### [AIM OF THE TASK]
Go through the listing below and reproduce it word for word.

### [DATASET CONTENT]
--- START ---

(* If D^(k+1) a = 0 and D^(m+1) b = 0 then D^(k+m+1) (a b) = 0 and
   D^(k+m) (a b) = N D^k a D^m b for a positive integer N (namely the binomial
   coefficient (k+m choose k)). *)
lemma leibniz_top:
  assumes "(D ^^ Suc k) a = 0" and "(D ^^ Suc m) b = 0"
  shows "(D ^^ Suc (k + m)) (a * b) = 0 \<and>
         (\<exists>N>0. (D ^^ (k + m)) (a * b) = of_nat N * ((D ^^ k) a * (D ^^ m) b))"
  using assms
proof (induction "k + m" arbitrary: k m a b)
  case 0
  then show ?case by (auto simp: leibniz intro!: exI[of _ 1])
next
  case (Suc n)
  define P where "P = (D ^^ k) a * (D ^^ m) b"
  have left: "(D ^^ Suc n) (D a * b) = 0 \<and>
      (\<exists>N. (D ^^ n) (D a * b) = of_nat N * P \<and> (0 < k \<longrightarrow> 0 < N))"
  proof (cases k)
    case 0
    with Suc.prems show ?thesis by (auto intro!: exI[of _ 0])
  next
    case (Suc k')
    with Suc.prems Suc.hyps(2) Suc.hyps(1)[of k' m "D a" b]
    show ?thesis by (auto simp: P_def iterate_D)
  qed
  have right: "(D ^^ Suc n) (a * D b) = 0 \<and>
      (\<exists>N. (D ^^ n) (a * D b) = of_nat N * P \<and> (0 < m \<longrightarrow> 0 < N))"
  proof (cases m)
    case 0
    with Suc.prems show ?thesis by (auto intro!: exI[of _ 0])
  next
    case (Suc m')
    with Suc.prems Suc.hyps(2) Suc.hyps(1)[of k m' a "D b"]
    show ?thesis by (auto simp: P_def iterate_D)
  qed
  have split: "(D ^^ Suc j) (a * b) = (D ^^ j) (D a * b) + (D ^^ j) (a * D b)" for j
    by (simp only: iterate_D[symmetric] leibniz iterate.add)
  obtain N1 N2 where N1: "(D ^^ n) (D a * b) = of_nat N1 * P" "0 < k \<longrightarrow> 0 < N1"
    and N2: "(D ^^ n) (a * D b) = of_nat N2 * P" "0 < m \<longrightarrow> 0 < N2"
    using left right by blast
  have "(D ^^ (k + m)) (a * b) = of_nat (N1 + N2) * P"
    using split[of n] N1(1) N2(1) Suc.hyps(2) by (simp add: distrib_right)
  moreover have "0 < N1 + N2" using N1(2) N2(2) Suc.hyps(2) by auto
  moreover have "(D ^^ Suc (k + m)) (a * b) = 0"
    using split[of "Suc n"] left right Suc.hyps(2) by simp
  ultimately show ?case unfolding P_def by blast
qed

(* If C has no zero divisors, neither has A: the top iterate of a b = 0 is a positive multiple
   of a product of two nonzero constants. *)
lemma no_zero_divisors_from_constants:
  fixes a b :: 'a
  assumes constants_domain: "\<And>a b. D a = 0 \<Longrightarrow> D b = 0 \<Longrightarrow> a * b = 0 \<Longrightarrow> a = 0 \<or> b = 0"
    and "a * b = 0"
  shows "a = 0 \<or> b = 0"
proof (rule ccontr)
  assume "\<not> (a = 0 \<or> b = 0)"
  then obtain k m where k: "(D ^^ Suc k) a = 0" "(D ^^ k) a \<noteq> 0"
    and m: "(D ^^ Suc m) b = 0" "(D ^^ m) b \<noteq> 0"
    using top_iterate by metis
  obtain N where "0 < N" and "(D ^^ (k + m)) (a * b) = of_nat N * ((D ^^ k) a * (D ^^ m) b)"
    using leibniz_top[OF k(1) m(1)] by blast
  with \<open>a * b = 0\<close> have "(D ^^ k) a * (D ^^ m) b = 0"
    using torsion_free by simp
  with constants_domain[of "(D ^^ k) a" "(D ^^ m) b"] k m show False by simp
qed

(* A relation s a = t b between regular constants a, b, with s nonzero, can be differentiated up to
   the top iterate of s, which gives a nontrivial relation with constant coefficients. *)
lemma constant_coefficients:
  assumes "s \<noteq> 0" and "D a = 0" and "D b = 0" and "s * a = t * b"
    and regular_a: "\<And>y. y * a = 0 \<Longrightarrow> y = 0"
    and regular_b: "\<And>y. y * b = 0 \<Longrightarrow> y = 0"
  shows "\<exists>s' t'. D s' = 0 \<and> D t' = 0 \<and> s' * a = t' * b \<and> s' * a \<noteq> 0"
proof -
  obtain m where m: "(D ^^ Suc m) s = 0" "(D ^^ m) s \<noteq> 0"
    using top_iterate[OF assms(1)] by blast
  have relation: "(D ^^ j) s * a = (D ^^ j) t * b" for j
    using assms(4) iterate_const_right[OF assms(2), of j s] iterate_const_right[OF assms(3), of j t]
    by simp
  have "(D ^^ Suc m) t = 0"
    using relation[of "Suc m"] m(1) regular_b by simp
  moreover have "(D ^^ m) s * a \<noteq> 0"
    using m(2) regular_a by blast
  ultimately show ?thesis
    using relation[of m] m(1) by (intro exI[of _ "(D ^^ m) s"] exI[of _ "(D ^^ m) t"]) simp
qed

context
  fixes x assumes Dx: "D x = 1"
begin

(* For D x = 1, the top iterate of x^i is D^i (x^i) = i!, a positive integer. *)
lemma power_top_iterate: "(D ^^ Suc i) (x ^ i) = 0 \<and> (\<exists>M>0. (D ^^ i) (x ^ i) = of_nat M)"
proof (induction i)
  case 0
  then show ?case by (auto intro!: exI[of _ 1])
next
  case (Suc i)
  then obtain M where M: "0 < M" "(D ^^ i) (x ^ i) = of_nat M" by blast
  have "(D ^^ Suc 1) x = 0" using Dx by simp
  from leibniz_top[OF this conjunct1[OF Suc.IH]] obtain N where
    "0 < N" "(D ^^ Suc i) (x ^ Suc i) = of_nat N * ((D ^^ 1) x * (D ^^ i) (x ^ i))"
    "(D ^^ Suc (Suc i)) (x ^ Suc i) = 0"
    by auto
  with M Dx show ?case by (auto intro!: exI[of _ "N * M"])
qed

--- END ---

### [ANSWER FOR THE TASK]
(* If D^(k+1) a = 0 and D^(m+1) b = 0 then D^(k+m+1) (a b) = 0 and
   D^(k+m) (a b) = N D^k a D^m b for a positive integer N (namely the binomial
   coefficient (k+m choose k)). *)
lemma leibniz_top:
  assumes "(D ^^ Suc k) a = 0" and "(D ^^ Suc m) b = 0"
  shows "(D ^^ Suc (k + m)) (a * b) = 0 \<and>
         (\<exists>N>0. (D ^^ (k + m)) (a * b) = of_nat N * ((D ^^ k) a * (D ^^ m) b))"
  using assms
proof (induction "k + m" arbitrary: k m a b)
  case 0
  then show ?case by (auto simp: leibniz intro!: exI[of _ 1])
next
  case (Suc n)
  define P where "P = (D ^^ k) a * (D ^^ m) b"
  have left: "(D ^^ Suc n) (D a * b) = 0 \<and>
      (\<exists>N. (D ^^ n) (D a * b) = of_nat N * P \<and> (0 < k \<longrightarrow> 0 < N))"
  proof (cases k)
    case 0
    with Suc.prems show ?thesis by (auto intro!: exI[of _ 0])
  next
    case (Suc k')
    with Suc.prems Suc.hyps(2) Suc.hyps(1)[of k' m "D a" b]
    show ?thesis by (auto simp: P_def iterate_D)
  qed
  have right: "(D ^^ Suc n) (a * D b) = 0 \<and>
      (\<exists>N. (D ^^ n) (a * D b) = of_nat N * P \<and> (0 < m \<longrightarrow> 0 < N))"
  proof (cases m)
    case 0
    with Suc.prems show ?thesis by (auto intro!: exI[of _ 0])
  next
    case (Suc m')
    with Suc.prems Suc.hyps(2) Suc.hyps(1)[of k m' a "D b"]
    show ?thesis by (auto simp: P_def iterate_D)
  qed
  have split: "(D ^^ Suc j) (a * b) = (D ^^ j) (D a * b) + (D ^^ j) (a * D b)" for j
    by (simp only: iterate_D[symmetric] leibniz iterate.add)
  obtain N1 N2 where N1: "(D ^^ n) (D a * b) = of_nat N1 * P" "0 < k \<longrightarrow> 0 < N1"
    and N2: "(D ^^ n) (a * D b) = of_nat N2 * P" "0 < m \<longrightarrow> 0 < N2"
    using left right by blast
  have "(D ^^ (k + m)) (a * b) = of_nat (N1 + N2) * P"
    using split[of n] N1(1) N2(1) Suc.hyps(2) by (simp add: distrib_right)
  moreover have "0 < N1 + N2" using N1(2) N2(2) Suc.hyps(2) by auto
  moreover have "(D ^^ Suc (k + m)) (a * b) = 0"
    using split[of "Suc n"] left right Suc.hyps(2) by simp
  ultimately show ?case unfolding P_def by blast
qed

(* If C has no zero divisors, neither has A: the top iterate of a b = 0 is a positive multiple
   of a product of two nonzero constants. *)
lemma no_zero_divisors_from_constants:
  fixes a b :: 'a
  assumes constants_domain: "\<And>a b. D a = 0 \<Longrightarrow> D b = 0 \<Longrightarrow> a * b = 0 \<Longrightarrow> a = 0 \<or> b = 0"
    and "a * b = 0"
  shows "a = 0 \<or> b = 0"
proof (rule ccontr)
  assume "\<not> (a = 0 \<or> b = 0)"
  then obtain k m where k: "(D ^^ Suc k) a = 0" "(D ^^ k) a \<noteq> 0"
    and m: "(D ^^ Suc m) b = 0" "(D ^^ m) b \<noteq> 0"
    using top_iterate by metis
  obtain N where "0 < N" and "(D ^^ (k + m)) (a * b) = of_nat N * ((D ^^ k) a * (D ^^ m) b)"
    using leibniz_top[OF k(1) m(1)] by blast
  with \<open>a * b = 0\<close> have "(D ^^ k) a * (D ^^ m) b = 0"
    using torsion_free by simp
  with constants_domain[of "(D ^^ k) a" "(D ^^ m) b"] k m show False by simp
qed

(* A relation s a = t b between regular constants a, b, with s nonzero, can be differentiated up to
   the top iterate of s, which gives a nontrivial relation with constant coefficients. *)
lemma constant_coefficients:
  assumes "s \<noteq> 0" and "D a = 0" and "D b = 0" and "s * a = t * b"
    and regular_a: "\<And>y. y * a = 0 \<Longrightarrow> y = 0"
    and regular_b: "\<And>y. y * b = 0 \<Longrightarrow> y = 0"
  shows "\<exists>s' t'. D s' = 0 \<and> D t' = 0 \<and> s' * a = t' * b \<and> s' * a \<noteq> 0"
proof -
  obtain m where m: "(D ^^ Suc m) s = 0" "(D ^^ m) s \<noteq> 0"
    using top_iterate[OF assms(1)] by blast
  have relation: "(D ^^ j) s * a = (D ^^ j) t * b" for j
    using assms(4) iterate_const_right[OF assms(2), of j s] iterate_const_right[OF assms(3), of j t]
    by simp
  have "(D ^^ Suc m) t = 0"
    using relation[of "Suc m"] m(1) regular_b by simp
  moreover have "(D ^^ m) s * a \<noteq> 0"
    using m(2) regular_a by blast
  ultimately show ?thesis
    using relation[of m] m(1) by (intro exI[of _ "(D ^^ m) s"] exI[of _ "(D ^^ m) t"]) simp
qed

context
  fixes x assumes Dx: "D x = 1"
begin

(* For D x = 1, the top iterate of x^i is D^i (x^i) = i!, a positive integer. *)
lemma power_top_iterate: "(D ^^ Suc i) (x ^ i) = 0 \<and> (\<exists>M>0. (D ^^ i) (x ^ i) = of_nat M)"
proof (induction i)
  case 0
  then show ?case by (auto intro!: exI[of _ 1])
next
  case (Suc i)
  then obtain M where M: "0 < M" "(D ^^ i) (x ^ i) = of_nat M" by blast
  have "(D ^^ Suc 1) x = 0" using Dx by simp
  from leibniz_top[OF this conjunct1[OF Suc.IH]] obtain N where
    "0 < N" "(D ^^ Suc i) (x ^ Suc i) = of_nat N * ((D ^^ 1) x * (D ^^ i) (x ^ i))"
    "(D ^^ Suc (Suc i)) (x ^ Suc i) = 0"
    by auto
  with M Dx show ?case by (auto intro!: exI[of _ "N * M"])
qed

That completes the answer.